Task objective → All of the data should be restated exactly as it stands.
Provided records: Begin
(* Let $B>0$ and let $y_1,y_2,y_3,y_4$ be defined for $t>0$, $x\in\mathbb{R}\setminus\{0\}$, $u=x/(Bt)^{1/4}$ by $y_{1}=(Bt)^{1/4}[\tfrac{1}{\sqrt2}z_2(u)-\tfrac{1}{2\Gamma(3/4)}z_3(u)+\tfrac{1}{6\sqrt2\Gamma(1/2)}z_4(u)]$, $y_{2}=(Bt)^{1/4}[\tfrac{1}{\Gamma(5/4)}z_1(u)-\tfrac{1}{\sqrt2}z_2(u)+\tfrac{1}{6\sqrt2\Gamma(1/2)}z_4(u)]$, $y_{3}=(Bt)^{1/4}[\tfrac{1}{\sqrt2}z_2(u)+\tfrac{1}{2\Gamma(3/4)}z_3(u)+\tfrac{1}{6\sqrt2\Gamma(1/2)}z_4(u)]$, $y_{4}=(Bt)^{1/4}[\tfrac{1}{\Gamma(5/4)}z_1(u)+\tfrac{1}{\sqrt2}z_2(u)-\tfrac{1}{6\sqrt2\Gamma(1/2)}z_4(u)]$, where $z_{1}(u)={}_{1}F_{3}(-\tfrac{1}{4};\tfrac{1}{4},\tfrac{1}{2},\tfrac{3}{4};\tfrac{u^{4}}{256})$, $z_{2}(u)=u$, $z_{3}(u)=u^{2}\,{}_{1}F_{3}(\tfrac{1}{4};\tfrac{3}{4},\tfrac{5}{4},\tfrac{3}{2};\tfrac{u^{4}}{256})$, $z_{4}(u)=u^{3}\,{}_{1}F_{3}(\tfrac{1}{2};\tfrac{5}{4},\tfrac{3}{2},\tfrac{7}{4};\tfrac{u^{4}}{256})$. Then for $t>0$, $\lim_{x\to\infty}y_3(t,x)=\infty$ and $\lim_{x\to\infty}y_4(t,x)=-\infty$; for $x>0$, $\lim_{t\to0}y_3(t,x)=\infty$ and $\lim_{t\to0}y_4(t,x)=-\infty$. Similarly, for $t>0$, $\lim_{x\to-\infty}y_1(t,x)=\lim_{x\to-\infty}y_2(t,x)=-\infty$, and for $x>0$, $\lim_{t\to0}y_1(t,-x)=\lim_{t\to0}y_2(t,-x)=-\infty$.
   Context: ${}_{p}F_{q}(a_{1},\ldots,a_{p};b_{1},\ldots,b_{q};\nu)=\sum_{k\ge0}\frac{(a_{1})_{k}\cdots(a_{p})_{k}}{(b_{1})_{k}\cdots(b_{q})_{k}}\frac{\nu^{k}}{k!}$ is the generalized hypergeometric function, with Pochhammer symbol $(\lambda)_{k}=\lambda(\lambda+1)\cdots(\lambda+k-1)$, $(\lambda)_0=1$. $\Gamma$ is the Gamma function. *)

theory Defs
  imports "HOL-Analysis.Analysis"
begin

definition hypgeom :: "real list \<Rightarrow> real list \<Rightarrow> real \<Rightarrow> real" where
  "hypgeom as bs z =
     (\<Sum>k. (\<Prod>a\<leftarrow>as. pochhammer a k) / (\<Prod>b\<leftarrow>bs. pochhammer b k) * z ^ k / fact k)"

definition z1 :: "real \<Rightarrow> real" where
  "z1 u = hypgeom [-1/4] [1/4, 1/2, 3/4] (u ^ 4 / 256)"

definition z2 :: "real \<Rightarrow> real" where
  "z2 u = u"

definition z3 :: "real \<Rightarrow> real" where
  "z3 u = u ^ 2 * hypgeom [1/4] [3/4, 5/4, 3/2] (u ^ 4 / 256)"

definition z4 :: "real \<Rightarrow> real" where
  "z4 u = u ^ 3 * hypgeom [1/2] [5/4, 3/2, 7/4] (u ^ 4 / 256)"

definition uvar :: "real \<Rightarrow> real \<Rightarrow> real \<Rightarrow> real" where
  "uvar B t x = x / (B * t) powr (1/4)"

definition y1 :: "real \<Rightarrow> real \<Rightarrow> real \<Rightarrow> real" where
  "y1 B t x = (B * t) powr (1/4) *
     (1 / sqrt 2 * z2 (uvar B t x) - 1 / (2 * Gamma (3/4)) * z3 (uvar B t x)
      + 1 / (6 * sqrt 2 * Gamma (1/2)) * z4 (uvar B t x))"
Provided records: End
Answer below →
(* Let $B>0$ and let $y_1,y_2,y_3,y_4$ be defined for $t>0$, $x\in\mathbb{R}\setminus\{0\}$, $u=x/(Bt)^{1/4}$ by $y_{1}=(Bt)^{1/4}[\tfrac{1}{\sqrt2}z_2(u)-\tfrac{1}{2\Gamma(3/4)}z_3(u)+\tfrac{1}{6\sqrt2\Gamma(1/2)}z_4(u)]$, $y_{2}=(Bt)^{1/4}[\tfrac{1}{\Gamma(5/4)}z_1(u)-\tfrac{1}{\sqrt2}z_2(u)+\tfrac{1}{6\sqrt2\Gamma(1/2)}z_4(u)]$, $y_{3}=(Bt)^{1/4}[\tfrac{1}{\sqrt2}z_2(u)+\tfrac{1}{2\Gamma(3/4)}z_3(u)+\tfrac{1}{6\sqrt2\Gamma(1/2)}z_4(u)]$, $y_{4}=(Bt)^{1/4}[\tfrac{1}{\Gamma(5/4)}z_1(u)+\tfrac{1}{\sqrt2}z_2(u)-\tfrac{1}{6\sqrt2\Gamma(1/2)}z_4(u)]$, where $z_{1}(u)={}_{1}F_{3}(-\tfrac{1}{4};\tfrac{1}{4},\tfrac{1}{2},\tfrac{3}{4};\tfrac{u^{4}}{256})$, $z_{2}(u)=u$, $z_{3}(u)=u^{2}\,{}_{1}F_{3}(\tfrac{1}{4};\tfrac{3}{4},\tfrac{5}{4},\tfrac{3}{2};\tfrac{u^{4}}{256})$, $z_{4}(u)=u^{3}\,{}_{1}F_{3}(\tfrac{1}{2};\tfrac{5}{4},\tfrac{3}{2},\tfrac{7}{4};\tfrac{u^{4}}{256})$. Then for $t>0$, $\lim_{x\to\infty}y_3(t,x)=\infty$ and $\lim_{x\to\infty}y_4(t,x)=-\infty$; for $x>0$, $\lim_{t\to0}y_3(t,x)=\infty$ and $\lim_{t\to0}y_4(t,x)=-\infty$. Similarly, for $t>0$, $\lim_{x\to-\infty}y_1(t,x)=\lim_{x\to-\infty}y_2(t,x)=-\infty$, and for $x>0$, $\lim_{t\to0}y_1(t,-x)=\lim_{t\to0}y_2(t,-x)=-\infty$.
   Context: ${}_{p}F_{q}(a_{1},\ldots,a_{p};b_{1},\ldots,b_{q};\nu)=\sum_{k\ge0}\frac{(a_{1})_{k}\cdots(a_{p})_{k}}{(b_{1})_{k}\cdots(b_{q})_{k}}\frac{\nu^{k}}{k!}$ is the generalized hypergeometric function, with Pochhammer symbol $(\lambda)_{k}=\lambda(\lambda+1)\cdots(\lambda+k-1)$, $(\lambda)_0=1$. $\Gamma$ is the Gamma function. *)

theory Defs
  imports "HOL-Analysis.Analysis"
begin

definition hypgeom :: "real list \<Rightarrow> real list \<Rightarrow> real \<Rightarrow> real" where
  "hypgeom as bs z =
     (\<Sum>k. (\<Prod>a\<leftarrow>as. pochhammer a k) / (\<Prod>b\<leftarrow>bs. pochhammer b k) * z ^ k / fact k)"

definition z1 :: "real \<Rightarrow> real" where
  "z1 u = hypgeom [-1/4] [1/4, 1/2, 3/4] (u ^ 4 / 256)"

definition z2 :: "real \<Rightarrow> real" where
  "z2 u = u"

definition z3 :: "real \<Rightarrow> real" where
  "z3 u = u ^ 2 * hypgeom [1/4] [3/4, 5/4, 3/2] (u ^ 4 / 256)"

definition z4 :: "real \<Rightarrow> real" where
  "z4 u = u ^ 3 * hypgeom [1/2] [5/4, 3/2, 7/4] (u ^ 4 / 256)"

definition uvar :: "real \<Rightarrow> real \<Rightarrow> real \<Rightarrow> real" where
  "uvar B t x = x / (B * t) powr (1/4)"

definition y1 :: "real \<Rightarrow> real \<Rightarrow> real \<Rightarrow> real" where
  "y1 B t x = (B * t) powr (1/4) *
     (1 / sqrt 2 * z2 (uvar B t x) - 1 / (2 * Gamma (3/4)) * z3 (uvar B t x)
      + 1 / (6 * sqrt 2 * Gamma (1/2)) * z4 (uvar B t x))"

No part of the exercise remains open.